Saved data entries
lemma banach_bimodule_ker_dual_module:
  assumes ch: "is_character \<phi>"
  shows "banach_bimodule (ker_dual_module \<phi>)"
proof -
  have complete: "\<forall>s. (\<forall>n. s n \<in> embed_fun ` ker_dual \<phi>) \<longrightarrow>
      (\<forall>e>0. \<exists>N. \<forall>m\<ge>N. \<forall>n\<ge>N. ker_dual_norm \<phi> (\<lambda>k. unembed_fun (s m) k - unembed_fun (s n) k) < e) \<longrightarrow>
      (\<exists>l\<in>ker_dual \<phi>. (\<lambda>n. ker_dual_norm \<phi> (\<lambda>k. unembed_fun (s n) k - l k)) \<longlonglongrightarrow> 0)"
  proof (intro allI impI)
    fix s :: "nat \<Rightarrow> ('a \<Rightarrow> complex) \<Rightarrow> complex"
    assume "\<forall>n. s n \<in> embed_fun ` ker_dual \<phi>"
    then have "unembed_fun (s n) \<in> ker_dual \<phi>" for n by (metis imageE unembed_fun_embed_fun)
    moreover assume "\<forall>e>0. \<exists>N. \<forall>m\<ge>N. \<forall>n\<ge>N. ker_dual_norm \<phi> (\<lambda>k. unembed_fun (s m) k - unembed_fun (s n) k) < e"
    ultimately show "\<exists>l\<in>ker_dual \<phi>. (\<lambda>n. ker_dual_norm \<phi> (\<lambda>k. unembed_fun (s n) k - l k)) \<longlonglongrightarrow> 0"
      using ker_dual_complete[OF ch, of "\<lambda>n. unembed_fun (s n)"] by blast
  qed
  have left_bound: "\<exists>K. \<forall>a. \<forall>x\<in>ker_dual \<phi>. cmod (\<phi> a) * ker_dual_norm \<phi> x \<le> K * (norm a * ker_dual_norm \<phi> x)"
    by (auto intro!: exI[of _ 1] mult_right_mono norm_character_le[OF ch] ker_dual_norm_nonneg[OF ch])
  have right_bound: "\<exists>K. \<forall>a. \<forall>x\<in>ker_dual \<phi>.
      ker_dual_norm \<phi> (\<lambda>k. if \<phi> k = 0 then x (a * k) else 0) \<le> K * (norm a * ker_dual_norm \<phi> x)"
    by (rule exI[of _ 1]) (simp add: ker_dual_norm_right_action_le[OF ch])
  have pointwise: "embed_fun F = embed_fun G \<longleftrightarrow> (\<forall>k. F k = G k)" for F G :: "'a \<Rightarrow> complex"
    unfolding embed_fun_eq_iff by (rule fun_eq_iff)
  have zero_iff: "f = (\<lambda>_. 0) \<longleftrightarrow> (\<forall>k. f k = 0)" for f :: "'a \<Rightarrow> complex"
    by (rule fun_eq_iff)
  show ?thesis
    unfolding banach_bimodule_def Let_def ker_dual_module_simps Ball_image_comp o_def
    by (intro conjI)
      (simp_all del: embed_fun_eq_iff add: pointwise zero_iff complete left_bound right_bound zero_in_ker_dual ker_dual_add
        ker_dual_scale ker_dual_right_action[OF ch] ker_dual_norm_nonneg[OF ch]
        ker_dual_norm_eq_0_iff[OF ch] ker_dual_norm_add_le[OF ch] ker_dual_norm_scale[OF ch]
        ker_dualD(2,3) character_add[OF ch] character_mult[OF ch] character_scaleC[OF ch]
        ring_distribs mult_scaleC_left mult_scaleC_right mult.assoc mult.left_commute cong: if_cong)
qed

lemma dnorm_le:
  assumes "z \<in> bcarrier M" "bnorm M z \<le> 1"
    and "\<And>x. x \<in> bcarrier M \<Longrightarrow> bnorm M x \<le> 1 \<Longrightarrow> cmod (h x) \<le> B"
  shows "dnorm M h \<le> B"
  unfolding dnorm_def by (rule cSup_least) (use assms in auto)

lemma dnorm_upper:
  assumes "x \<in> bcarrier M" "bnorm M x \<le> 1"
    and "\<And>x. x \<in> bcarrier M \<Longrightarrow> bnorm M x \<le> 1 \<Longrightarrow> cmod (h x) \<le> B"
  shows "cmod (h x) \<le> dnorm M h"
  unfolding dnorm_def by (rule cSup_upper) (use assms in \<open>auto intro!: bdd_aboveI2\<close>)

lemma left_defect_add: "is_character \<phi> \<Longrightarrow> left_defect \<phi> (a + b) v = left_defect \<phi> a v + left_defect \<phi> b v"
  by (simp add: character_add scaleC_add_left algebra_simps)

lemma left_defect_scaleC: "is_character \<phi> \<Longrightarrow> left_defect \<phi> (scaleC c a) v = scaleC c (left_defect \<phi> a v)"
  by (simp add: character_scaleC mult_scaleC_left scaleC_diff_right scaleC_scaleC)

lemma left_defect_mult:
  "is_character \<phi> \<Longrightarrow> left_defect \<phi> (a * b) v = a * left_defect \<phi> b v + scaleC (\<phi> b) (left_defect \<phi> a v)"
  by (simp add: character_mult algebra_simps mult_scaleC_right scaleC_diff_right scaleC_scaleC
      mult.assoc mult.commute)

lemma ker_dual_apply_left_defect:
  assumes ch: "is_character \<phi>" and f: "f \<in> ker_dual \<phi>"
  shows "f (left_defect \<phi> (a + b) v) = f (left_defect \<phi> a v) + f (left_defect \<phi> b v)"
    and "f (left_defect \<phi> (scaleC c a) v) = c * f (left_defect \<phi> a v)"
    and "f (left_defect \<phi> (a * b) v) = f (a * left_defect \<phi> b v) + \<phi> b * f (left_defect \<phi> a v)"
proof -
  note ker = character_left_defect[OF ch]
  show "f (left_defect \<phi> (a + b) v) = f (left_defect \<phi> a v) + f (left_defect \<phi> b v)"
    unfolding left_defect_add[OF ch] by (rule ker_dualD(2)[OF f ker ker])
  show "f (left_defect \<phi> (scaleC c a) v) = c * f (left_defect \<phi> a v)"
    unfolding left_defect_scaleC[OF ch] by (rule ker_dualD(3)[OF f ker])
  have "\<phi> (a * left_defect \<phi> b v) = 0" "\<phi> (scaleC (\<phi> b) (left_defect \<phi> a v)) = 0"
    using ker by (simp_all add: character_mult[OF ch] character_scaleC[OF ch])
  then show "f (left_defect \<phi> (a * b) v) = f (a * left_defect \<phi> b v) + \<phi> b * f (left_defect \<phi> a v)"
    unfolding left_defect_mult[OF ch] by (simp add: ker_dualD(2,3)[OF f] ker)
qed

text \<open>Evaluation at \<open>a u - \<phi>(a) u \<in> ker \<phi>\<close>; the Leibniz rule is the identity
  \<open>left_defect_mult\<close>.\<close>

definition kernel_derivation :: "('a::complex_banach_algebra \<Rightarrow> complex) \<Rightarrow> 'a \<Rightarrow> 'a \<Rightarrow> (('a \<Rightarrow> complex) \<Rightarrow> complex) \<Rightarrow> complex" where
  "kernel_derivation \<phi> u a X = unembed_fun X (left_defect \<phi> a u)"

lemma continuous_derivation_kernel_derivation:
  assumes ch: "is_character \<phi>"
  shows "continuous_derivation (ker_dual_module \<phi>) (kernel_derivation \<phi> u)"
proof -
  note ker = character_left_defect[OF ch]
  have "cmod (f (left_defect \<phi> a u)) \<le> 2 * norm u * norm a" if "f \<in> ker_dual \<phi>" "ker_dual_norm \<phi> f \<le> 1" for f a
  proof -
    have "cmod (f (left_defect \<phi> a u)) \<le> ker_dual_norm \<phi> f * norm (left_defect \<phi> a u)"
      by (rule norm_ker_dual_apply_le[OF ch that(1) ker])
    also have "\<dots> \<le> 1 * (2 * norm a * norm u)"
      by (rule mult_mono[OF that(2) norm_left_defect_le[OF ch]]) simp_all
    finally show ?thesis by (simp add: ac_simps)
  qed
  moreover have "ker_dual_norm \<phi> (\<lambda>_. 0) = 0"
    using ker_dual_norm_eq_0_iff[OF ch zero_in_ker_dual] by simp
  ultimately have "dnorm (ker_dual_module \<phi>) (kernel_derivation \<phi> u a) \<le> 2 * norm u * norm a" for a
    by (intro dnorm_le[of "embed_fun (\<lambda>_. 0)"])
      (auto simp: ker_dual_module_simps kernel_derivation_def zero_in_ker_dual)
  moreover have "in_dual (ker_dual_module \<phi>) (kernel_derivation \<phi> u a)" for a
    unfolding in_dual_def ker_dual_module_simps kernel_derivation_def
    using norm_ker_dual_apply_le[OF ch _ ker]
    by (auto intro!: exI[of _ "norm (left_defect \<phi> a u)"] simp: mult.commute)
  ultimately show ?thesis
    unfolding continuous_derivation_def dlact_def dract_def ker_dual_module_simps kernel_derivation_def
    by (auto simp: ker_dual_apply_left_defect[OF ch] ker)
qed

### TASK GOAL
Quote, word for word, every line from the top of the entries through the line that holds "ker_dual \<phi>) \<longrightarrow>".

### OUTPUT FOR THIS TASK
lemma banach_bimodule_ker_dual_module:
  assumes ch: "is_character \<phi>"
  shows "banach_bimodule (ker_dual_module \<phi>)"
proof -
  have complete: "\<forall>s. (\<forall>n. s n \<in> embed_fun ` ker_dual \<phi>) \<longrightarrow>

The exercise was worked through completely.